Se prohíben las ideas
Opinión

Se prohíben las ideas

Jaque mate

Tenemos un sistema electoral lleno de prohibiciones y perversiones. No sólo es muy caro y nos satura con una verdadera avalancha de anuncios de treinta segundos en radio y televisión, también impulsa la simulación e incluso la mentira.
Esto lo vimos muy claro en la llamada precampaña. Es un período que se creó para que los aspirantes a las candidaturas de los distintos partidos pudieran hacer campaña interna con miras participar en elecciones primarias. Sólo que ninguno de nuestros institutos partidistas es realmente democrático y no hubo un sólo proceso de votación interna para seleccionar a su contendiente. Todos seleccionaron a sus presidenciables mediante procesos cupulares.
Esto no impidió que los tres aspirantes principales aprovecharan el período para hacer campañas abiertas. Todos usaron los tiempos de radio y televisión de sus partidos para promoverse entre el público en general. Esta campaña se disfrazó de precampaña con una mentira con la que cerraban todos los spots: que los mensajes estaban dirigidos a los miembros de los partidos o a los participantes de las convenciones de cada uno de ellos. Supongo que el público que escuchaba esas emisoras de radio y televisión y que no pertenecía a esos grupos tenía la obligación de taparse los oídos.
Ahora estamos en un período de intercampaña. Nadie sabe con certeza cuáles son las reglas que rigen en este lapso. Los consejeros del Instituto Nacional Electoral han apuntado que no se trata de un período de mordaza o de silencio. Los candidatos pueden ser invitados a entrevistas en programas de radio y televisión, por ejemplo, siempre y cuando no hagan proselitismo ni llamados al voto.
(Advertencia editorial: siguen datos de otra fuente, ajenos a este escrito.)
lemma nsphere_map_of_eq_on_nsphere0:
  assumes odd: "\<And>y. y \<in> sphere 0 1 \<Longrightarrow> N (-y) = - N y"
    and e1: "N (axis 1 1) = axis 1 1"
    and x: "x \<in> topspace (nsphere 0)"
  shows "nsphere_map_of N x = x"
proof -
  have x0: "x 0 = 1 \<or> x 0 = -1" and x_0: "\<And>i. i > 0 \<Longrightarrow> x i = 0"
    using x by (auto simp: nsphere power2_eq_1_iff)
  then have "vec4_of_seq x = x 0 *\<^sub>R axis 1 1"
    by (simp add: vec_eq_iff forall_4 axis_def)
  moreover have "N (x 0 *\<^sub>R axis 1 1) = x 0 *\<^sub>R axis 1 1"
    using x0 e1 odd [of "axis 1 1"] by auto
  ultimately show ?thesis
    using x_0 by (auto simp: nsphere_map_of_def seq_of_vec3_def axis_def fun_eq_iff)
qed

text \<open>Transported to \<^term>\<open>nsphere 3\<close>, such an \<open>N\<close> would be an odd flag-preserving
  self-map of \<open>S\<^sup>3\<close> that misses the pole \<open>e\<^sub>4\<close>.\<close>
lemma odd_sphere_map_flat_on_circle_absurd:
  fixes N :: "real^4 \<Rightarrow> real^3"
  assumes cont: "continuous_on (sphere 0 1) N"
    and sphere: "N ` sphere 0 1 \<subseteq> sphere 0 1"
    and odd: "\<And>y. y \<in> sphere 0 1 \<Longrightarrow> N (-y) = - N y"
    and circle: "\<And>y. y \<in> sphere 0 1 \<Longrightarrow> y$3 = 0 \<Longrightarrow> y$4 = 0 \<Longrightarrow> N y $ 3 = 0"
    and e1: "N (axis 1 1) = axis 1 1"
  shows False
proof -
  have "nsphere_map_of N ` topspace (nsphere 3) = topspace (nsphere 3)"
  proof (rule flag_preserving_odd_map_surjective)
    show "continuous_map (nsphere 3) (nsphere 3) (nsphere_map_of N)"
      using cont sphere by (rule continuous_map_nsphere_map_of)
    show "nsphere_map_of N (\<lambda>i. - x i) = (\<lambda>i. - nsphere_map_of N x i)"
      if "x \<in> topspace (nsphere 3)" for x
      using odd that by (rule nsphere_map_of_odd)
    show id0: "nsphere_map_of N x = x" if "x \<in> topspace (nsphere 0)" for x
      using odd e1 that by (rule nsphere_map_of_eq_on_nsphere0)
    show "nsphere_map_of N \<in> topspace (nsphere k) \<rightarrow> topspace (nsphere k)" if "k \<le> 3" for k
    proof (cases "k = 0")
      case True
      then show ?thesis
        using id0 by (simp add: Pi_iff)
    next
      case False
      then have "1 \<le> k"
        by simp
      with that show ?thesis
        using nsphere_map_of_flag [OF sphere circle] by blast
    qed
  qed
  moreover have "(\<lambda>i. if i = 3 then 1 else 0) \<in> topspace (nsphere 3)"
    by (simp add: nsphere numeral_3_eq_3)
  ultimately obtain x where "nsphere_map_of N x = (\<lambda>i. if i = 3 then 1 else 0)"
    by (metis (no_types, lifting) imageE)
  then have "nsphere_map_of N x 3 = 1"
    by simp
  then show False
    by (simp add: nsphere_map_of_def seq_of_vec3_def)
qed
Pero ¿de qué puede hablar uno con un candidato en un medio de comunicación si éste no puede expresar sus ideas o tratar de convencer a los votantes de sufragar por él?
Realmente hemos construido un pésimo sistema electoral. Lo ideal sería que no existiera ninguna de estas restricciones. Es muy difícil adivinar qué se puede hacer y qué no en un período como éste. Lo peor de todo es que el INE y los tribunales electorales suelen tener al final interpretaciones distintas de una ley hecha confusa adrede por los legisladores, quizá para permitir que los miembros de sus partidos encuentren cómo darle después la vuelta a la ley.
Desde hace mucho tiempo, los ciudadanos deberíamos haber estado escuchando las propuestas de los presidenciables, pero no en anuncios de treinta segundos sino en programas más prolongados que permitieran el análisis detallado de las ideas. Recuerdo que en las elecciones de 2006 Andrés Manuel López Obrador prefería contratar espacios prolongados en los medios de comunicación y no limitarse a los spots con el propósito de ofrecer explicaciones detalladas de, por ejemplo, su programa económico.
Que los candidatos puedan aparecer en programas de radio y televisión siempre y cuando no expresen ideas de fondo o no traten de convencer a los ciudadanos de que son las personas más idóneas para ocupar los cargos por los que están contendiendo, me parece no sólo un desperdicio sino una estupidez.
Los legisladores que hicieron esta ley quisieron tener un sistema político sin ideas. Toda la argumentación para la construcción del país del futuro debe poder expresarse en anuncios de sólo 30 segundos. No hay ningún deseo de generar la discusión prolongada que nuestra nación merece.
Quizá los mexicanos no deberíamos quejarnos. Tenemos los políticos que nuestro sistema nos permite. Malos, faltos de ideas y corruptos.